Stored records
· · · · · · ·

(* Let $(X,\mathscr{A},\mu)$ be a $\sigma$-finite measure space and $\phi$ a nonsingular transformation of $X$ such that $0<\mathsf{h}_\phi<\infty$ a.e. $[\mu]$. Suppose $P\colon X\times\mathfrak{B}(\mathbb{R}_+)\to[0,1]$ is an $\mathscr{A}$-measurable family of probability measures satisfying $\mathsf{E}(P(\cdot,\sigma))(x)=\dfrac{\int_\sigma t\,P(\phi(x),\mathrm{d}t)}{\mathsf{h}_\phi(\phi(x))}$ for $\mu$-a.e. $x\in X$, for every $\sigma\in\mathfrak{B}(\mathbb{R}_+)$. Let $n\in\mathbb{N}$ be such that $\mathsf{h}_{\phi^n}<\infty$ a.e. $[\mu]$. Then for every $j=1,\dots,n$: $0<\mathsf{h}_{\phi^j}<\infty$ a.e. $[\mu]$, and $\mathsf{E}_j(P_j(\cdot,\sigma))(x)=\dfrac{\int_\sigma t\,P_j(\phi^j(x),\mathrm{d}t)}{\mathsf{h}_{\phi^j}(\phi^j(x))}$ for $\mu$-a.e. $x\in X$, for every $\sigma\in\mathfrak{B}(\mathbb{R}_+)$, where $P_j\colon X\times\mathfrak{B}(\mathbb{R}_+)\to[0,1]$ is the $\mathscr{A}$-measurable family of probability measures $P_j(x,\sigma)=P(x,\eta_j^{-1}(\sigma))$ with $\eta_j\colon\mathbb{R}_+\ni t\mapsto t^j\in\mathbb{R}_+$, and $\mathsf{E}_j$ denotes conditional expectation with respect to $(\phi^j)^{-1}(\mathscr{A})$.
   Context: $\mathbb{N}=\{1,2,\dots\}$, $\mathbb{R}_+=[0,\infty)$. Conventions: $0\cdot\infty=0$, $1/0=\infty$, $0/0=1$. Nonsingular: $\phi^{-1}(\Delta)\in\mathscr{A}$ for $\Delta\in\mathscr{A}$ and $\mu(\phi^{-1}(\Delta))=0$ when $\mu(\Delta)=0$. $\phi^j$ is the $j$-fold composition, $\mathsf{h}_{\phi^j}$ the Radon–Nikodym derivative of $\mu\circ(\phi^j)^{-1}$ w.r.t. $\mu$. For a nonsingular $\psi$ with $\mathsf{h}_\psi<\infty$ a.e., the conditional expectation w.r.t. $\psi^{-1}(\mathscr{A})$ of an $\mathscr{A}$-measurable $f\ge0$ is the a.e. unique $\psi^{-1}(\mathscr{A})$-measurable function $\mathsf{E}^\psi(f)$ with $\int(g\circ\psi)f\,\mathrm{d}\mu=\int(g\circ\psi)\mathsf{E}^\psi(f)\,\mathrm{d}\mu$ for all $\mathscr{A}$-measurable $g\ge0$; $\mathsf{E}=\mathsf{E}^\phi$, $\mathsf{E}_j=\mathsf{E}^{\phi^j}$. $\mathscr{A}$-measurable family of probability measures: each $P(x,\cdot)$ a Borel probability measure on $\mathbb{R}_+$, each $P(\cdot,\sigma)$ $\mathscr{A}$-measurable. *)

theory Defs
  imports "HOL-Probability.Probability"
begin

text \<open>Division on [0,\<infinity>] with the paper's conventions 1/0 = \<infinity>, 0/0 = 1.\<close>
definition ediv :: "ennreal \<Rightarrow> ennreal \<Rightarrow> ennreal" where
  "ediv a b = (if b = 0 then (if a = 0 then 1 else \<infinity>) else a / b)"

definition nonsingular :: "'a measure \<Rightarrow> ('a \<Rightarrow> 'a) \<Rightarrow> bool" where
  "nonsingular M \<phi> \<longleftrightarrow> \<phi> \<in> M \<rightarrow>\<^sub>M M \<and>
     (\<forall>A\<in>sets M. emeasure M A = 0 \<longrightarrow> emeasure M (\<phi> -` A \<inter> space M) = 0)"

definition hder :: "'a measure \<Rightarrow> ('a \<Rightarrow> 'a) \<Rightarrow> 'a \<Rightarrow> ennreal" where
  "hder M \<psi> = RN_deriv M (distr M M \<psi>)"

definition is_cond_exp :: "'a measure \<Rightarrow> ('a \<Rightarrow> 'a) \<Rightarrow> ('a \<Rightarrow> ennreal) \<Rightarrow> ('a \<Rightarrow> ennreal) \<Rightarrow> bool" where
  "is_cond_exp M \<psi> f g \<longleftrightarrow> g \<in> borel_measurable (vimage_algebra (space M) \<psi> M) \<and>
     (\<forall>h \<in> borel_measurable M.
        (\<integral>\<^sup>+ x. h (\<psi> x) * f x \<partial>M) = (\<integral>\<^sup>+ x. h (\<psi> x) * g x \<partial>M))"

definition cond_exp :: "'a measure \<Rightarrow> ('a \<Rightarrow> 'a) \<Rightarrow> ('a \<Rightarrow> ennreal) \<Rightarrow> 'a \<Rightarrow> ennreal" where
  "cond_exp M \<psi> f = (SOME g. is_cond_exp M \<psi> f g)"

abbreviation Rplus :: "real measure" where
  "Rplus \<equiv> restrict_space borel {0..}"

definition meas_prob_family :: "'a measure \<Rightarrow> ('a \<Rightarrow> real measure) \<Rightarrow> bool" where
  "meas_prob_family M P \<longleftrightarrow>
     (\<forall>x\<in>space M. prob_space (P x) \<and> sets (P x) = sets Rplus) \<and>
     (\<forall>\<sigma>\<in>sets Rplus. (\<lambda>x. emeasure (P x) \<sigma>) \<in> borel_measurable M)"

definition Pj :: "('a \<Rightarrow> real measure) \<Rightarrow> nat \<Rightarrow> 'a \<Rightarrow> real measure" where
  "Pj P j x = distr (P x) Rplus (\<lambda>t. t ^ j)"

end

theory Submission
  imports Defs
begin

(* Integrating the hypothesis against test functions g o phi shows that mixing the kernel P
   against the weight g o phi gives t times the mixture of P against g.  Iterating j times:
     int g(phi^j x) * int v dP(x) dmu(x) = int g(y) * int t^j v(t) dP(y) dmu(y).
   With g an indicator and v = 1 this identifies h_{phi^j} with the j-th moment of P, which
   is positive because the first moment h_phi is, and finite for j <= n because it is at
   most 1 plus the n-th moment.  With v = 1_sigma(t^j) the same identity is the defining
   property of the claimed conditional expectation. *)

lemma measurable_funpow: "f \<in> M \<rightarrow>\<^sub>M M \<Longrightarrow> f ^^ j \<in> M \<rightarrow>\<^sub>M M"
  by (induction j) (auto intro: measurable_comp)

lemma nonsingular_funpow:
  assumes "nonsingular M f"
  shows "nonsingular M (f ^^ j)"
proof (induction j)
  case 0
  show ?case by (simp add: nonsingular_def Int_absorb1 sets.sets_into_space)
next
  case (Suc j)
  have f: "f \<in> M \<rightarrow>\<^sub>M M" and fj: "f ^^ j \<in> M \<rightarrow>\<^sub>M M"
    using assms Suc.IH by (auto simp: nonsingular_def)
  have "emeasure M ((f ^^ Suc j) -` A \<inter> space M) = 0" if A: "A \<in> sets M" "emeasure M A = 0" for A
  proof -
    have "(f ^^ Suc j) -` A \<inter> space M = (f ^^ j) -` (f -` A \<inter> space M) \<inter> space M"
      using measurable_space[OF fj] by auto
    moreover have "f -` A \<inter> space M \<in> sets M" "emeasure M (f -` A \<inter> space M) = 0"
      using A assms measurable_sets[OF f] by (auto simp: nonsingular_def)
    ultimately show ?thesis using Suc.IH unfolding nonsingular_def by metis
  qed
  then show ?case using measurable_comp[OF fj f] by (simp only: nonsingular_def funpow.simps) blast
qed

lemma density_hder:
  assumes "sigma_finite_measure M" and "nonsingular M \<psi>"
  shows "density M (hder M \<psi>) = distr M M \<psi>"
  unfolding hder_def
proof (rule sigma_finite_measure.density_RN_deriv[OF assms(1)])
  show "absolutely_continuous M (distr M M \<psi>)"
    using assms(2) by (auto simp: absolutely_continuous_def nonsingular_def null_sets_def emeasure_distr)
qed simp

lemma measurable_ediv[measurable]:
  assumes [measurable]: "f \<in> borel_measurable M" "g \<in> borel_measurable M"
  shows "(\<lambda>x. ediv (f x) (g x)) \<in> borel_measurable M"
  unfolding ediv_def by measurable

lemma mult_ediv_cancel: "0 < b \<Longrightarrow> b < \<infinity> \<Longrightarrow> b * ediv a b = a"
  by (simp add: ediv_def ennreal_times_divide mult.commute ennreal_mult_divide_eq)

· · · · · · ·

AIM OF THE EXERCISE – Look above for the line containing "proof (induction j)" and the line containing "x)) \<in> borel_measurable". Transcribe both, with the lines between them, exactly.

EXERCISE ANSWER –
proof (induction j)
  case 0
  show ?case by (simp add: nonsingular_def Int_absorb1 sets.sets_into_space)
next
  case (Suc j)
  have f: "f \<in> M \<rightarrow>\<^sub>M M" and fj: "f ^^ j \<in> M \<rightarrow>\<^sub>M M"
    using assms Suc.IH by (auto simp: nonsingular_def)
  have "emeasure M ((f ^^ Suc j) -` A \<inter> space M) = 0" if A: "A \<in> sets M" "emeasure M A = 0" for A
  proof -
    have "(f ^^ Suc j) -` A \<inter> space M = (f ^^ j) -` (f -` A \<inter> space M) \<inter> space M"
      using measurable_space[OF fj] by auto
    moreover have "f -` A \<inter> space M \<in> sets M" "emeasure M (f -` A \<inter> space M) = 0"
      using A assms measurable_sets[OF f] by (auto simp: nonsingular_def)
    ultimately show ?thesis using Suc.IH unfolding nonsingular_def by metis
  qed
  then show ?case using measurable_comp[OF fj f] by (simp only: nonsingular_def funpow.simps) blast
qed

lemma density_hder:
  assumes "sigma_finite_measure M" and "nonsingular M \<psi>"
  shows "density M (hder M \<psi>) = distr M M \<psi>"
  unfolding hder_def
proof (rule sigma_finite_measure.density_RN_deriv[OF assms(1)])
  show "absolutely_continuous M (distr M M \<psi>)"
    using assms(2) by (auto simp: absolutely_continuous_def nonsingular_def null_sets_def emeasure_distr)
qed simp

lemma measurable_ediv[measurable]:
  assumes [measurable]: "f \<in> borel_measurable M" "g \<in> borel_measurable M"
  shows "(\<lambda>x. ediv (f x) (g x)) \<in> borel_measurable M"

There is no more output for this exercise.